## INSTRUCTIONS TO FOLLOW
Extract all of the entries and set them down verbatim.

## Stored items
= Beginning of Section =

definition lin_indep_family :: "nat \<Rightarrow> nat \<Rightarrow> (nat \<Rightarrow> mlabel \<Rightarrow> complex) \<Rightarrow> bool" where
  "lin_indep_family d x vs \<longleftrightarrow>
     (\<forall>c :: nat \<Rightarrow> complex. (\<forall>a\<in>Ml d x. (\<Sum>y\<le>x. c y * vs y a) = 0) \<longrightarrow> (\<forall>y\<le>x. c y = 0))"

end

theory Submission
  imports Defs
begin

text \<open>The vectors circ, tri and cross are pairing states: each identifies the eight replicas
  in four pairs (by reversing blocks of length 2, 4 and 8), every pair joining a copy of U
  with a copy of its conjugate. Contracting two legs of a folded gate with a pairing state
  therefore produces, pair by pair, an entry of U U* or U* U (for the input or output legs)
  or of the same products for the dual gate (for the two left or the two right legs), and
  leaves the same pairing state on the two remaining legs. Hence unitarity lets a pairing
  state pass through a gate vertically and dual-unitarity horizontally. Contracting R_x with
  r_y, the boundary tri travels through the first y gates and the boundary circ through the
  last x - y, so the transfer chain collapses to the overlap of tri and circ, which counts the
  labels constant on two blocks of four replicas, namely d^2. The other three cases are
  identical, and for y = 0 or y = x only unitarity is used. Linear independence follows by
  evaluating at labels on which the product vectors form a diagonal system.\<close>

definition chainsum ::
    "'s set \<Rightarrow> nat \<Rightarrow> ('s \<Rightarrow> complex) \<Rightarrow> (nat \<Rightarrow> 's \<Rightarrow> 's \<Rightarrow> complex) \<Rightarrow> ('s \<Rightarrow> complex) \<Rightarrow> complex"
  where
  "chainsum S n \<alpha> H \<beta> =
     (\<Sum>k\<in>PiE {0..n} (\<lambda>_. S). \<alpha> (k 0) * (\<Prod>m\<in>{1..n}. H m (k (m - 1)) (k m)) * \<beta> (k n))"

lemma chainsum_0: "chainsum S 0 \<alpha> H \<beta> = (\<Sum>z\<in>S. \<alpha> z * \<beta> z)"
  unfolding chainsum_def
  by (rule sum.reindex_bij_witness[where i="\<lambda>z. (\<lambda>t\<in>{0}. z)" and j="\<lambda>k. k 0"])
     (auto simp: PiE_def extensional_def)

lemma chainsum_Suc:
  assumes "finite S"
  shows "chainsum S (Suc n) \<alpha> H \<beta> = chainsum S n \<alpha> H (\<lambda>z. \<Sum>w\<in>S. H (Suc n) z w * \<beta> w)"
proof -
  let ?F = "\<lambda>k. \<alpha> (k 0) * (\<Prod>m\<in>{1..n}. H m (k (m - 1)) (k m))"
  have "chainsum S (Suc n) \<alpha> H \<beta> =
      (\<Sum>(w, k)\<in>S \<times> PiE {0..n} (\<lambda>_. S). ?F k * H (Suc n) (k n) w * \<beta> w)"
    unfolding chainsum_def
  proof (rule sum.reindex_bij_witness[where i="\<lambda>(w, k). k(Suc n := w)"
        and j="\<lambda>k. (k (Suc n), restrict k {0..n})"])
    fix k assume "k \<in> PiE {0..Suc n} (\<lambda>_. S)"
    have "(\<Prod>m\<in>{1..n}. H m (restrict k {0..n} (m - 1)) (restrict k {0..n} m)) =
        (\<Prod>m\<in>{1..n}. H m (k (m - 1)) (k m))"
      by (rule prod.cong) auto
    then show "(case (k (Suc n), restrict k {0..n}) of (w, k) \<Rightarrow> ?F k * H (Suc n) (k n) w * \<beta> w) =
        \<alpha> (k 0) * (\<Prod>m\<in>{1..Suc n}. H m (k (m - 1)) (k m)) * \<beta> (k (Suc n))"
      by (simp add: prod.nat_ivl_Suc' mult_ac)
  qed (auto simp: PiE_def extensional_def)
  also have "\<dots> = (\<Sum>k\<in>PiE {0..n} (\<lambda>_. S). \<Sum>w\<in>S. ?F k * H (Suc n) (k n) w * \<beta> w)"
    by (simp only: sum.cartesian_product[symmetric]) (rule sum.swap)
  also have "\<dots> = chainsum S n \<alpha> H (\<lambda>z. \<Sum>w\<in>S. H (Suc n) z w * \<beta> w)"
    unfolding chainsum_def by (simp add: sum_distrib_left mult.assoc)
  finally show ?thesis .
qed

= End of Section =

## RESULT OF THIS TASK
definition lin_indep_family :: "nat \<Rightarrow> nat \<Rightarrow> (nat \<Rightarrow> mlabel \<Rightarrow> complex) \<Rightarrow> bool" where
  "lin_indep_family d x vs \<longleftrightarrow>
     (\<forall>c :: nat \<Rightarrow> complex. (\<forall>a\<in>Ml d x. (\<Sum>y\<le>x. c y * vs y a) = 0) \<longrightarrow> (\<forall>y\<le>x. c y = 0))"

end

theory Submission
  imports Defs
begin

text \<open>The vectors circ, tri and cross are pairing states: each identifies the eight replicas
  in four pairs (by reversing blocks of length 2, 4 and 8), every pair joining a copy of U
  with a copy of its conjugate. Contracting two legs of a folded gate with a pairing state
  therefore produces, pair by pair, an entry of U U* or U* U (for the input or output legs)
  or of the same products for the dual gate (for the two left or the two right legs), and
  leaves the same pairing state on the two remaining legs. Hence unitarity lets a pairing
  state pass through a gate vertically and dual-unitarity horizontally. Contracting R_x with
  r_y, the boundary tri travels through the first y gates and the boundary circ through the
  last x - y, so the transfer chain collapses to the overlap of tri and circ, which counts the
  labels constant on two blocks of four replicas, namely d^2. The other three cases are
  identical, and for y = 0 or y = x only unitarity is used. Linear independence follows by
  evaluating at labels on which the product vectors form a diagonal system.\<close>

definition chainsum ::
    "'s set \<Rightarrow> nat \<Rightarrow> ('s \<Rightarrow> complex) \<Rightarrow> (nat \<Rightarrow> 's \<Rightarrow> 's \<Rightarrow> complex) \<Rightarrow> ('s \<Rightarrow> complex) \<Rightarrow> complex"
  where
  "chainsum S n \<alpha> H \<beta> =
     (\<Sum>k\<in>PiE {0..n} (\<lambda>_. S). \<alpha> (k 0) * (\<Prod>m\<in>{1..n}. H m (k (m - 1)) (k m)) * \<beta> (k n))"

lemma chainsum_0: "chainsum S 0 \<alpha> H \<beta> = (\<Sum>z\<in>S. \<alpha> z * \<beta> z)"
  unfolding chainsum_def
  by (rule sum.reindex_bij_witness[where i="\<lambda>z. (\<lambda>t\<in>{0}. z)" and j="\<lambda>k. k 0"])
     (auto simp: PiE_def extensional_def)

lemma chainsum_Suc:
  assumes "finite S"
  shows "chainsum S (Suc n) \<alpha> H \<beta> = chainsum S n \<alpha> H (\<lambda>z. \<Sum>w\<in>S. H (Suc n) z w * \<beta> w)"
proof -
  let ?F = "\<lambda>k. \<alpha> (k 0) * (\<Prod>m\<in>{1..n}. H m (k (m - 1)) (k m))"
  have "chainsum S (Suc n) \<alpha> H \<beta> =
      (\<Sum>(w, k)\<in>S \<times> PiE {0..n} (\<lambda>_. S). ?F k * H (Suc n) (k n) w * \<beta> w)"
    unfolding chainsum_def
  proof (rule sum.reindex_bij_witness[where i="\<lambda>(w, k). k(Suc n := w)"
        and j="\<lambda>k. (k (Suc n), restrict k {0..n})"])
    fix k assume "k \<in> PiE {0..Suc n} (\<lambda>_. S)"
    have "(\<Prod>m\<in>{1..n}. H m (restrict k {0..n} (m - 1)) (restrict k {0..n} m)) =
        (\<Prod>m\<in>{1..n}. H m (k (m - 1)) (k m))"
      by (rule prod.cong) auto
    then show "(case (k (Suc n), restrict k {0..n}) of (w, k) \<Rightarrow> ?F k * H (Suc n) (k n) w * \<beta> w) =
        \<alpha> (k 0) * (\<Prod>m\<in>{1..Suc n}. H m (k (m - 1)) (k m)) * \<beta> (k (Suc n))"
      by (simp add: prod.nat_ivl_Suc' mult_ac)
  qed (auto simp: PiE_def extensional_def)
  also have "\<dots> = (\<Sum>k\<in>PiE {0..n} (\<lambda>_. S). \<Sum>w\<in>S. ?F k * H (Suc n) (k n) w * \<beta> w)"
    by (simp only: sum.cartesian_product[symmetric]) (rule sum.swap)
  also have "\<dots> = chainsum S n \<alpha> H (\<lambda>z. \<Sum>w\<in>S. H (Suc n) z w * \<beta> w)"
    unfolding chainsum_def by (simp add: sum_distrib_left mult.assoc)
  finally show ?thesis .
qed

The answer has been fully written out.